In a 2014 analysis, the Environmental Protection Agency recommended the limit be set between 60 and 70ppb. Environmental groups were rooting for the lower end of the spectrum. They were disappointed when Obama appeared to cave to the industries that emit ozone-generating chemicals, which fought for minimal or no reduction.
This compromise came after an earlier proposal for a limit below 70ppb that was scrapped in 2011.
His plan for 25% renewable energy by 2025 flopped
Obama promised in his 2008 presidential campaign that a quarter of electricity in the US would come from renewable sources by 2025.
"Will create a federal Renewable Portfolio Standard that will require 25% of American electricity be derived from renewable sources by 2025, which has the potential to create hundreds of thousands of new jobs on its own," Obama said, in his plan for the economy.
The cap-and-trade bill passed in the House of Representatives, but never made it to the Senate.
Japan is still whaling illegally long after Obama promised to put a stop to it
Obama has spoken out against illegal whaling, and vowed to lead international efforts to put a stop to illegal whaling.
But he hasn't got very far. In a 2015-16 Antarctic season Japan killed hundreds of minke whales, many of them pregnant, allegedly for research purposes.
Japan has been fairly consistently flouting the 1986 Whaling Moratorium for 30 years now. It claims that the whaling it does now is for scientific research, but the International Court of Justice has ruled the claims bogus.
Landmarks of his environmental legacy are on very shaky ground
Obama's plan to reduce the carbon emissions from power plants across the US, the Clean Power Plan, is looking extremely vulnerable, shortly before Donald Trump's inauguration. The president-elect has also threatened to pull the US out of the international Paris Agreement to put the brakes on climate change.

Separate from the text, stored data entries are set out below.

(* Let $A\subseteq\mathbb R^n$ be nonempty with out-radius at most $1$, and let $r\ge 0$ be such that the Euclidean ball $B(0,r)$ has the same volume as the convex hull $\mathrm{conv}(A)$. Then $\mathrm{Vol}(A^c)\le \mathrm{Vol}(B(0,1-r))=(1-r)^n\kappa_n$.
   Context: For $x\in\mathbb R^n$, $B(x,\rho)$ denotes the closed Euclidean ball of radius $\rho$ centered at $x$, and $\kappa_n$ is the volume of the Euclidean unit ball. For $A\subseteq\mathbb R^n$, $A^c=\bigcap_{x\in A}B(x,1)$. The out-radius of $A$ is the radius of the smallest closed Euclidean ball containing $A$. *)

theory Defs
  imports "HOL-Analysis.Analysis"
begin

text \<open>The set A^c: intersection of all closed unit balls centred at points of A.\<close>
definition unit_ball_hull :: "'a::euclidean_space set \<Rightarrow> 'a set" where
  "unit_ball_hull A = (\<Inter>x\<in>A. cball x 1)"

definition outradius :: "'a::euclidean_space set \<Rightarrow> real" where
  "outradius A = Inf {\<rho>. \<exists>x. A \<subseteq> cball x \<rho>}"

end

theory Submission
  imports Defs
begin

text \<open>
  Every point of \<open>A\<^sup>c\<close> lies within distance 1 of every point of \<open>conv A\<close>, so
  \<open>A\<^sup>c + (-conv A) \<subseteq> B(0, 1)\<close>. The Brunn--Minkowski inequality
  \<open>Vol(K)^(1/n) + Vol(L)^(1/n) \<le> Vol(K + L)^(1/n)\<close> then turns \<open>Vol(-conv A) = r\<^sup>n \<kappa>\<^sub>n\<close>
  into \<open>Vol(A\<^sup>c)^(1/n) \<le> (1 - r) \<kappa>\<^sub>n^(1/n)\<close>; the out-radius bound only ensures \<open>r \<le> 1\<close>.

  Brunn--Minkowski is proved as by Hadwiger and Ohmann. For two boxes it is the AM--GM
  inequality. For two finite unions of almost disjoint boxes, cut the first by a coordinate
  hyperplane separating two of its boxes and the second by a parallel hyperplane splitting its
  volume in the same ratio; the halves have fewer boxes, and their Minkowski sums lie on
  opposite sides of a hyperplane. Bounded open sets are exhausted by such unions, and a convex
  body has the same volume as its interior.
\<close>

section \<open>Minkowski sums and Lebesgue measure\<close>

lemma compact_set_plus:
  fixes S T :: "'a::real_normed_vector set"
  assumes "compact S" "compact T"
  shows "compact (S + T)"
proof -
  have "S + T = {x + y | x y. x \<in> S \<and> y \<in> T}"
    by (auto simp: set_plus_def)
  then show ?thesis
    using compact_sums[OF assms] by simp
qed

lemma open_set_plus:
  fixes S T :: "'a::real_normed_vector set"
  assumes "open S"
  shows "open (S + T)"
proof -
  have "S + T = (\<Union>x\<in>S. \<Union>y\<in>T. {x + y})"
    by (auto simp: set_plus_def)
  then show ?thesis
    using open_sums assms by metis
qed

lemma bounded_set_plus:
  fixes S T :: "'a::real_normed_vector set"
  assumes "bounded S" "bounded T"
  shows "bounded (S + T)"
  using bounded_plus[OF assms] by (simp add: set_plus_image)
text \<open>A wedge ending in a basis T of N_C^* (of length codim U_C) is a generator of the
  degree-p component for C, whatever the leading 1-forms L: they may be projected to U_C^*
  modulo the span of T.\<close>
lemma top_wedge_in_comp_space:
  assumes H: "hermitian_inner h"
    and T: "vec.span (set T) = Ann (fixsp C)" "length T = codim (fixsp C)"
    and fp: "fp \<in> R" and L: "length L + codim (fixsp C) = p"
  shows "(\<lambda>(xi, vs). fp xi * wedge_list (L @ T) vs) \<in> comp_space R h C p"
proof -
  have sUC: "vec.subspace (fixsp C)" by (rule fixsp_subspace)
  define \<pi> where "\<pi> \<xi> = (SOME a. a \<in> Ann (perp h (fixsp C)) \<and> \<xi> - a \<in> vec.span (set T))" for \<xi>
  have \<pi>: "\<pi> \<xi> \<in> Ann (perp h (fixsp C)) \<and> \<xi> - \<pi> \<xi> \<in> vec.span (set T)" for \<xi>
    unfolding \<pi>_def T(1) by (rule someI_ex) (use dual_decomposition[OF H sUC] in blast)
  have project: "wedge_list (L @ T) = owedge (wedge_list (map \<pi> L)) (wedge_list T)"
    unfolding wedge_list_append by (rule wedge_list_project) (use \<pi> in blast)
  have om: "wedge_list (map \<pi> L) \<in> extpow (dualsub h (fixsp C)) (p - codim (fixsp C))"
    unfolding extpow_def using \<pi> L by (intro fspan_base CollectI exI[of _ "map \<pi> L"]) (auto simp: dualsub_Ann)
  have eta: "wedge_list T \<in> extpow (dualsub h (perp h (fixsp C))) (codim (fixsp C))"
    unfolding extpow_def using T vec.span_superset[of "set T"]
    by (intro fspan_base) (auto simp: dualsub_Ann perp_perp[OF H sUC])
  show ?thesis unfolding project comp_space_def
    by (rule fspan_base) (use fp om eta L in \<open>auto intro!: exI[of _ fp]\<close>)
qed
lemma S_fun_convex:
  assumes \<mu>: "signed_measure_S1 \<mu>" and \<nu>: "signed_measure_S1 \<nu>" and t: "0 \<le> t" "t \<le> 1"
  shows "S_fun \<mu>1 (add_sm (scale_sm t \<mu>) (scale_sm (1 - t) \<nu>))
    \<le> ennreal t * S_fun \<mu>1 \<mu> + ennreal (1 - t) * S_fun \<mu>1 \<nu>"
proof -
  consider "t = 0" | "t = 1" | "0 < t" "\<exists>A. \<mu> A < 0" | "t < 1" "\<exists>A. \<nu> A < 0"
    | "\<mu> = zero_sm" | "\<nu> = zero_sm"
    | "nonneg_measure_S1 \<mu>" "\<mu> \<noteq> zero_sm" "nonneg_measure_S1 \<nu>" "\<nu> \<noteq> zero_sm" "0 < t" "t < 1"
    using \<mu> \<nu> t by (fastforce simp: nonneg_measure_S1_iff)
  then show ?thesis
  proof cases
    case 1
    then show ?thesis
      by (simp add: add_sm_def scale_sm_def)
  next
    case 2
    then show ?thesis
      by (simp add: add_sm_def scale_sm_def)
  next
    case 3
    then show ?thesis
      using S_fun_eq_top[OF \<mu>] by (auto simp: ennreal_mult_top)
  next
    case 4
    then show ?thesis
      using S_fun_eq_top[OF \<nu>] by (auto simp: ennreal_mult_top)
  next
    case 5
    then have "add_sm (scale_sm t \<mu>) (scale_sm (1 - t) \<nu>) = scale_sm (1 - t) \<nu>"
      by (simp add: fun_eq_iff add_sm_def scale_sm_def zero_sm_def)
    then show ?thesis
      using 5 S_fun_scale_sm[OF \<nu>, of "1 - t"] t by (cases "t = 1") (auto simp: add_sm_def scale_sm_def)
  next
    case 6
    then have "add_sm (scale_sm t \<mu>) (scale_sm (1 - t) \<nu>) = scale_sm t \<mu>"
      by (simp add: fun_eq_iff add_sm_def scale_sm_def zero_sm_def)
    then show ?thesis
      using 6 S_fun_scale_sm[OF \<mu>, of t] t by (cases "t = 0") (auto simp: add_sm_def scale_sm_def)
  next
    case 7
    then show ?thesis
      by (rule S_fun_convex_nonneg_measure)
  qed
qed

theorem proposition4p6:
  fixes \<mu>1 :: "complex set \<Rightarrow> real"
  assumes "nonneg_measure_S1 \<mu>1" and "\<mu>1 \<noteq> zero_sm"
  shows "(\<forall>\<mu> \<nu> t. signed_measure_S1 \<mu> \<longrightarrow> signed_measure_S1 \<nu> \<longrightarrow> 0 \<le> t \<longrightarrow> t \<le> 1 \<longrightarrow>
            S_fun \<mu>1 (add_sm (scale_sm t \<mu>) (scale_sm (1 - t) \<nu>))
              \<le> ennreal t * S_fun \<mu>1 \<mu> + ennreal (1 - t) * S_fun \<mu>1 \<nu>)
       \<and> (\<forall>\<mu> c. signed_measure_S1 \<mu> \<longrightarrow> 0 < c \<longrightarrow>
            S_fun \<mu>1 (scale_sm c \<mu>) = ennreal c * S_fun \<mu>1 \<mu>)"
  using S_fun_convex S_fun_scale_sm by blast

end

Some conservative commentators have said he may go as far as to pull out of the UN's broader climate work through the UNFCCC.
Shortly after Trump's election, climate sceptic economist Nicolas Loris, who focuses on energy, environmental and regulatory issues at The Heritage Foundation in the US told IBTimes UK: "I think [Trump] is going to take a serious look at the costs and benefits of a lot of the regulations that have been promulgated by the Obama administration.

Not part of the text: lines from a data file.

(* Let $\widehat M \in \mathbb{R}^{d\times d}$ be symmetric. Fix a unit vector $w\in\mathbb{R}^d$, a scalar $a \in\mathbb{R}$ and $\alpha>0$, and define $\tilde w := (I + \alpha a\widehat M)w$, $w^+ := \tilde w/\|\tilde w\|_2$, $q := w^\top\widehat M w$ and $q^+ := (w^+)^\top\widehat M w^+$. If $\alpha |a|\,\|\widehat M\|_2 \le 1/2$, then $q^+ - q$ is either zero or has the same sign as $a$.
   Context: In the paper $\widehat M = \frac1N\sum_s y^{(s)}x^{(s)}x^{(s)\top}$ is the empirical moment matrix; $\|\cdot\|_2$ denotes the operator norm. *)

theory Defs
  imports "HOL-Analysis.Analysis"
begin

end

(* Put u = M w, q = w . u and let v = u - q w be the part of u orthogonal to w. For the
   unnormalized step w~ = w + c u with c = alpha a, expanding both quadratic forms gives
     w~ . M w~ - q (w~ . w~) = c (2 |v|^2 + c (q |v|^2 + v . M v)),
   and since |q| and |v . M v| / |v|^2 are at most |M|, the cofactor is at least
   (2 - 2 |c| |M|) |v|^2 >= 0. Dividing by |w~|^2 > 0 yields q+ - q with the sign of c.
   Only boundedness and self-adjointness of M enter. *)

theory Submission
  imports Defs
begin

lemma sgn_mult_nonneg:
  fixes c z :: real
  assumes "0 \<le> z"
  shows "c * z = 0 \<or> sgn (c * z) = sgn c"
  using assms by (auto simp: sgn_mult)

lemma abs_inner_apply_le_onorm:
  fixes f :: "'a::real_inner \<Rightarrow> 'a"
  assumes "bounded_linear f"
  shows "\<bar>x \<bullet> f x\<bar> \<le> onorm f * (x \<bullet> x)"
proof -
  have "\<bar>x \<bullet> f x\<bar> \<le> norm x * norm (f x)" by (rule Cauchy_Schwarz_ineq2)
  also have "\<dots> \<le> norm x * (onorm f * norm x)"
    by (intro mult_left_mono onorm assms) simp
  also have "\<dots> = onorm f * (x \<bullet> x)" by (simp add: dot_square_norm power2_eq_square)
  finally show ?thesis .
qed

lemma inner_apply_div_norm:
  fixes f :: "'a::real_inner \<Rightarrow> 'a"
  assumes "linear f"
  shows "(x /\<^sub>R norm x) \<bullet> f (x /\<^sub>R norm x) = (x \<bullet> f x) / (x \<bullet> x)"
  by (simp add: linear_scale[OF assms] dot_square_norm power2_eq_square divide_inverse)

lemma rayleigh_step_identity:
  fixes f :: "'a::real_inner \<Rightarrow> 'a"
  assumes lin: "linear f" and self_adjoint: "\<And>x y. f x \<bullet> y = x \<bullet> f y" and unit: "w \<bullet> w = 1"
  defines "q \<equiv> w \<bullet> f w"
  defines "v \<equiv> f w - q *\<^sub>R w"
  shows "(w + c *\<^sub>R f w) \<bullet> f (w + c *\<^sub>R f w) - q * ((w + c *\<^sub>R f w) \<bullet> (w + c *\<^sub>R f w))
         = c * (2 * (v \<bullet> v) + c * (q * (v \<bullet> v) + v \<bullet> f v))"
proof -
  define u where "u = f w"
  have wfu: "w \<bullet> f u = u \<bullet> u" using self_adjoint[of w u] by (simp add: u_def)
  have wu: "w \<bullet> u = q" "u \<bullet> w = q" by (simp_all add: q_def u_def inner_commute)
  have step: "(w + c *\<^sub>R u) \<bullet> f (w + c *\<^sub>R u) - q * ((w + c *\<^sub>R u) \<bullet> (w + c *\<^sub>R u))
        = q + 2 * c * (u \<bullet> u) + c\<^sup>2 * (u \<bullet> f u) - q * (1 + 2 * c * q + c\<^sup>2 * (u \<bullet> u))"
    using wfu wu unit
    by (simp add: u_def[symmetric] linear_add[OF lin] linear_scale[OF lin] inner_add_left inner_add_right
        algebra_simps power2_eq_square)
  have vv: "v \<bullet> v = u \<bullet> u - q\<^sup>2"
    using wu unit by (simp add: v_def u_def[symmetric] inner_diff_left inner_diff_right power2_eq_square)
  have vfv: "v \<bullet> f v = u \<bullet> f u - 2 * q * (u \<bullet> u) + q ^ 3"
    using wfu wu unit
    by (simp add: v_def u_def[symmetric] linear_diff[OF lin] linear_scale[OF lin]
        inner_diff_left inner_diff_right algebra_simps power3_eq_cube)
  show ?thesis
    unfolding u_def[symmetric] step vv vfv by (simp add: algebra_simps power2_eq_square power3_eq_cube)
qed

lemma rayleigh_step_cofactor_nonneg:
  fixes f :: "'a::real_inner \<Rightarrow> 'a"
  assumes bl: "bounded_linear f" and unit: "w \<bullet> w = 1" and small: "\<bar>c\<bar> * onorm f \<le> 1 / 2"
  defines "q \<equiv> w \<bullet> f w"
  defines "v \<equiv> f w - q *\<^sub>R w"
  shows "0 \<le> 2 * (v \<bullet> v) + c * (q * (v \<bullet> v) + v \<bullet> f v)"
proof -
  have "\<bar>q\<bar> \<le> onorm f" using abs_inner_apply_le_onorm[OF bl, of w] unit by (simp add: q_def)
  then have "\<bar>q * (v \<bullet> v)\<bar> \<le> onorm f * (v \<bullet> v)" by (simp add: abs_mult mult_right_mono)
  then have cofactor_bound: "\<bar>q * (v \<bullet> v) + v \<bullet> f v\<bar> \<le> 2 * onorm f * (v \<bullet> v)"
    using abs_inner_apply_le_onorm[OF bl, of v] abs_triangle_ineq[of "q * (v \<bullet> v)" "v \<bullet> f v"]
    by linarith
  have "\<bar>c * (q * (v \<bullet> v) + v \<bullet> f v)\<bar> \<le> 2 * (\<bar>c\<bar> * onorm f) * (v \<bullet> v)"
    using mult_left_mono[OF cofactor_bound abs_ge_zero[of c]] by (simp add: abs_mult mult_ac)
  also have "\<dots> \<le> v \<bullet> v" using mult_right_mono[OF small, of "v \<bullet> v"] by simp
  finally show ?thesis by (simp add: abs_le_iff)
qed

lemma rayleigh_step_nonzero:
  fixes f :: "'a::real_normed_vector \<Rightarrow> 'a"
  assumes bl: "bounded_linear f" and unit: "norm w = 1" and small: "\<bar>c\<bar> * onorm f \<le> 1 / 2"
  shows "w + c *\<^sub>R f w \<noteq> 0"
proof
  assume "w + c *\<^sub>R f w = 0"
  then have "w = - (c *\<^sub>R f w)" by (simp add: eq_neg_iff_add_eq_0)
  then have "1 = \<bar>c\<bar> * norm (f w)" using unit by (metis norm_minus_cancel norm_scaleR)
  also have "\<dots> \<le> \<bar>c\<bar> * onorm f" using onorm[OF bl, of w] unit by (simp add: mult_left_mono)
  finally show False using small by simp
qed

lemma sgn_rayleigh_quotient_step:
  fixes f :: "'a::real_inner \<Rightarrow> 'a"
  assumes bl: "bounded_linear f" and self_adjoint: "\<And>x y. f x \<bullet> y = x \<bullet> f y"
    and unit: "norm w = 1" and small: "\<bar>c\<bar> * onorm f \<le> 1 / 2"
  defines "wp \<equiv> (w + c *\<^sub>R f w) /\<^sub>R norm (w + c *\<^sub>R f w)"
  shows "wp \<bullet> f wp - w \<bullet> f w = 0 \<or> sgn (wp \<bullet> f wp - w \<bullet> f w) = sgn c"
proof -
  define wt where "wt = w + c *\<^sub>R f w"
  define q where "q = w \<bullet> f w"
  define v where "v = f w - q *\<^sub>R w"
  define z where "z = 2 * (v \<bullet> v) + c * (q * (v \<bullet> v) + v \<bullet> f v)"
  have ww: "w \<bullet> w = 1" using unit by (simp add: dot_square_norm)
  have pos: "0 < wt \<bullet> wt" using rayleigh_step_nonzero[OF bl unit small] by (simp add: wt_def)
  have "wp \<bullet> f wp - q = (wt \<bullet> f wt - q * (wt \<bullet> wt)) / (wt \<bullet> wt)"
    using pos inner_apply_div_norm[OF bounded_linear.linear[OF bl], of wt]
    by (simp add: wp_def wt_def field_simps)
  also have "\<dots> = c * (z / (wt \<bullet> wt))"
    using rayleigh_step_identity[OF bounded_linear.linear[OF bl] self_adjoint ww, of c]
    by (simp add: wt_def z_def q_def v_def)
  finally show ?thesis
    using sgn_mult_nonneg pos rayleigh_step_cofactor_nonneg[OF bl ww small]
    by (simp add: q_def z_def v_def)
qed

lemma symmetric_matrix_self_adjoint:
  fixes M :: "real ^ 'n ^ 'n"
  assumes "transpose M = M"
  shows "(M *v x) \<bullet> y = x \<bullet> (M *v y)"
  by (metis assms dot_lmul_matrix vector_transpose_matrix)

theorem lemma6:
  fixes M :: "real ^ 'd ^ 'd" and w :: "real ^ 'd" and a \<alpha> :: real
  assumes symM: "transpose M = M"
    and unit: "norm w = 1"
    and alpha_pos: "\<alpha> > 0"
    and small: "\<alpha> * \<bar>a\<bar> * onorm (\<lambda>x. M *v x) \<le> 1 / 2"
  shows "let wt = (mat 1 + (\<alpha> * a) *\<^sub>R M) *v w;
             wp = wt /\<^sub>R norm wt;
             q = w \<bullet> (M *v w);
             qp = wp \<bullet> (M *v wp)
         in qp - q = 0 \<or> sgn (qp - q) = sgn a"
proof -
  have "(mat 1 + (\<alpha> * a) *\<^sub>R M) *v w = w + (\<alpha> * a) *\<^sub>R (M *v w)"
    by (simp add: matrix_vector_mult_add_rdistrib matrix_vector_mul_lid scaleR_matrix_vector_assoc)
  moreover have "sgn (\<alpha> * a) = sgn a" using alpha_pos by (simp add: sgn_mult)
  moreover have "\<bar>\<alpha> * a\<bar> * onorm (\<lambda>x. M *v x) \<le> 1 / 2" using small alpha_pos by (simp add: abs_mult)
  ultimately show ?thesis
    using sgn_rayleigh_quotient_step[OF matrix_vector_mul_bounded_linear
        symmetric_matrix_self_adjoint[OF symM] unit, of "\<alpha> * a"]
    by (simp add: Let_def)
qed

end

"It very may well consider eliminating the greenhouse gas regulations for new and existing power plants, shutting the door on the Clean Power Plan," said Loris.
Through political necessity, many of Obama's larger plans for the environment were brought through on executive order, making them easy targets for his successor administration to remove. It's yet to be determined how big a disappointment this will turn out to be for environmentalists.